D'après un document du gouvernement américain révélé par le quotidien américain Washington Post, M. Kerry s'apprête à proposer aux Russes d'unir leurs efforts pour lutter ensemble contre l'Etat islamique (EI) et le Front Al-Nosra, la branche syrienne d'Al-Qaïda.
En échange, Moscou devra limiter ses frappes aériennes à des cibles choisies avec les Etats-Unis et le régime syrien devra cesser de bombarder les rebelles modérés.
Pour un haut responsable du Département d'Etat, ce plan pourrait permettre de résoudre deux des problèmes qui, selon les Américains, entravent un règlement en Syrie : le non-respect de la trêve par le régime de Bachar al-Assad et la montée en puissance d'Al-Nosra.
"Nous avons besoin d'une solution à ces deux problèmes", a-t-il déclaré, soulignant qu'en cas d'échec des discussions entre MM. Kerry et Poutine, Washington devra adopter une approche "très différente".
Les Etats-Unis n'ont "pas une patience infinie pour consacrer tout leur temps et toute leur énergie à un processus diplomatique qui n'apporte pas les résultats nécessaires", a-t-il prévenu.
Arrivé en début de soirée, M. Kerry a commencé à s'entretenir à 19H00 GMT avec le chef de l'Etat russe, flanqué de son chef de la diplomatie Sergueï Lavrov qui doit poursuivre vendredi matin les discussions avec son homologue américain.
Pour sa part, la Russie n'a pas souhaité commenter les informations de la presse américaine mais a pris soin de rappeler, par la voix du porte-parole de la présidence Dmitri Peskov, que Vladimir "Poutine a, de manière répétée, déclaré que le Kremlin considérait que la lutte contre le terrorisme en Syrie et dans les Etats voisins ne pouvait être menée qu'en commun".
Si la proposition américaine était adoptée par Moscou, elle constituerait un tournant majeur dans la stratégie américaine en Syrie puisqu'elle serait synonyme d'un rapprochement de facto avec le régime de Bachar al-Assad.
- Assad pas inquiet -
Tout accord entre Moscou et Washington risque d'être fortement controversé car il pourrait être perçu, notamment par les critiques de Barack Obama tout comme par certains alliés des Etats-Unis, comme une approbation tacite donnée au maintien de Bachar al-Assad au pouvoir.
Le chef de la diplomatie saoudienne Adel al-Jubeir a ainsi rappelé jeudi que Washington et Moscou devaient avant tout travailler à arriver à une "nouvelle Syrie sans Bachar al-Assad".

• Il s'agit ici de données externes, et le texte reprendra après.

(* Let $C\ge1$, $k>2$ an integer, $\rho\in(0,1)$ and $M$ a positive integer. Set $\varepsilon_i=\rho/2^{i-1}$ and $C_i=\|p_{\varepsilon_i}\|_1$ for $i=1,\dots,M$; $C_{-1}=1$, $C_0=\frac{2+\rho^k}{2-\rho^k}$, $C_{M+1}=C_*$. Set $\rho_i=\frac{2\beta_i^k}{1+\beta_i^{2k}}$ with $\beta_i=\frac{1-\sqrt{1-\frac{\rho+\varepsilon_i}{1+\varepsilon_i}}}{1+\sqrt{1-\frac{\rho+\varepsilon_i}{1+\varepsilon_i}}}$ for $i=1,\dots,M$; $\rho_{-1}=\rho^k$, $\rho_0=\frac{\rho^k}{2-\rho^k}$, $\rho_{M+1}=\rho_*$. Then $$\tilde\rho(C)\le\max_{i\in\{-1,0,\dots,M\}}\max\Big(\frac{C-C_i}{C_{i+1}-C_i}\rho_{i+1}+\frac{C_{i+1}-C}{C_{i+1}-C_i}\rho_i,\ \rho_*\Big).$$
   Context: $\mathbb{R}_k[X]$ denotes real polynomials of degree at most $k$, and $\|p\|_1$ is the sum of absolute values of the coefficients of $p$. For $C\ge1$, $\tilde\rho(C)=\min\{\max_{x\in[0,\rho]}|p(x)| : p\in\mathbb{R}_k[X],\ p(1)=1,\ \|p\|_1\le C\}$. $T_k$ is the Chebyshev polynomial of the first kind of degree $k$. For $\varepsilon\ge0$, $p_\varepsilon(X)=T_k\big(2\frac{X+\varepsilon}{\rho+\varepsilon}-1\big)/\big|T_k\big(2\frac{1+\varepsilon}{\rho+\varepsilon}-1\big)\big|$ (the minimizer of $\max_{[-\varepsilon,\rho]}|p|$ over $p\in\mathbb{R}_k[X]$ with $p(1)=1$). $C_*=\|p_0\|_1$, and $\rho_*=\frac{2\beta^k}{1+\beta^{2k}}$ with $\beta=\frac{1-\sqrt{1-\rho}}{1+\sqrt{1-\rho}}$. *)

theory Defs
  imports "HOL-Computational_Algebra.Polynomial" "HOL-Analysis.Analysis"
begin

fun cheb :: "nat \<Rightarrow> real poly" where
  "cheb 0 = 1"
| "cheb (Suc 0) = [:0, 1:]"
| "cheb (Suc (Suc n)) = smult 2 [:0, 1:] * cheb (Suc n) - cheb n"

definition l1norm :: "real poly \<Rightarrow> real" where
  "l1norm p = (\<Sum>i\<le>degree p. \<bar>coeff p i\<bar>)"

definition rho_tilde :: "nat \<Rightarrow> real \<Rightarrow> real \<Rightarrow> real" where
  "rho_tilde k \<rho> C = Inf { Sup ((\<lambda>x. \<bar>poly p x\<bar>) ` {0..\<rho>}) | p.
      degree p \<le> k \<and> poly p 1 = 1 \<and> l1norm p \<le> C }"

definition p_eps :: "nat \<Rightarrow> real \<Rightarrow> real \<Rightarrow> real poly" where
  "p_eps k \<rho> \<epsilon> = smult (1 / \<bar>poly (cheb k) (2 * (1 + \<epsilon>) / (\<rho> + \<epsilon>) - 1)\<bar>)
      (pcompose (cheb k) [: 2 * \<epsilon> / (\<rho> + \<epsilon>) - 1, 2 / (\<rho> + \<epsilon>) :])"

definition C_star :: "nat \<Rightarrow> real \<Rightarrow> real" where
  "C_star k \<rho> = l1norm (p_eps k \<rho> 0)"

definition beta_of :: "real \<Rightarrow> real" where
  "beta_of r = (1 - sqrt (1 - r)) / (1 + sqrt (1 - r))"

definition rho_star :: "nat \<Rightarrow> real \<Rightarrow> real" where
  "rho_star k \<rho> = 2 * beta_of \<rho> ^ k / (1 + beta_of \<rho> ^ (2 * k))"

definition eps_i :: "real \<Rightarrow> int \<Rightarrow> real" where
  "eps_i \<rho> i = \<rho> / 2 ^ nat (i - 1)"

definition C_idx :: "nat \<Rightarrow> real \<Rightarrow> nat \<Rightarrow> int \<Rightarrow> real" where
  "C_idx k \<rho> M i =
     (if i = -1 then 1
      else if i = 0 then (2 + \<rho> ^ k) / (2 - \<rho> ^ k)
      else if i = int M + 1 then C_star k \<rho>
      else l1norm (p_eps k \<rho> (eps_i \<rho> i)))"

Or, le sort du président syrien reste la principale pierre d'achoppement dans les différents cycles de pourparlers organisés jusqu'à présent sous l'égide de l'ONU à Genève.
Dans une interview diffusée jeudi matin par la chaîne de télévision américaine NBC News, ce dernier affirme que les Russes "n'ont jamais dit un mot" concernant son départ du pouvoir. M. Assad assure par ailleurs ne pas nourrir d'inquiétudes quant à la possibilité que Russes et Américains décident un jour qu'il doit quitter ses fonctions.
- QG commun en Jordanie -
Selon le Washington Post, la proposition américaine consiste à établir un centre de commandement commun en Jordanie pour diriger une intense offensive aérienne contre les combattants de l'EI et d'Al-Nosra, qualifiés de groupes terroristes par le Conseil de sécurité de l'ONU.
Exclus du cessez-le-feu convenu en février entre l'armée régulière et les opposants modérés sous le parrainage des Russes et des Américains, ils sont la cible de bombardements russes. Mais Washington accuse Moscou d'également viser au cours de ces raids aériens des rebelles modérés opposés au président Assad, dont le Kremlin est le principal allié.
La Russie dément et exige que les Etats-Unis demandent aux rebelles de se retirer des lieux occupés par Al-Nosra et l'EI.
- 12 morts à Alep -
Concernant le processus de paix, au point mort depuis des mois, l'envoyé spécial de l'ONU pour la Syrie, Staffan de Mistura, accusé par Moscou de "se défausser de ses responsabilités", a affirmé jeudi qu'il visait une troisième session de pourparlers en "août".
Il avait auparavant espéré une reprise des discussions en juillet, afin d'amorcer une transition politique en août.
Sur le terrain, les combats faisaient toujours rage dans plusieurs régions en Syrie, notamment à Alep (nord), où au moins 12 civils ont été tués jeudi dans des attaques du régime syrien ou de l'aviation russe.
Pour sa part, l'armée russe n'a pas évoqué de frappes à Alep mais a annoncé avoir effectué depuis mardi plus de 50 raids aériens contre l'EI près de Palmyre (centre), une ville de laquelle avaient été chassés en mars les jihadistes de l'EI.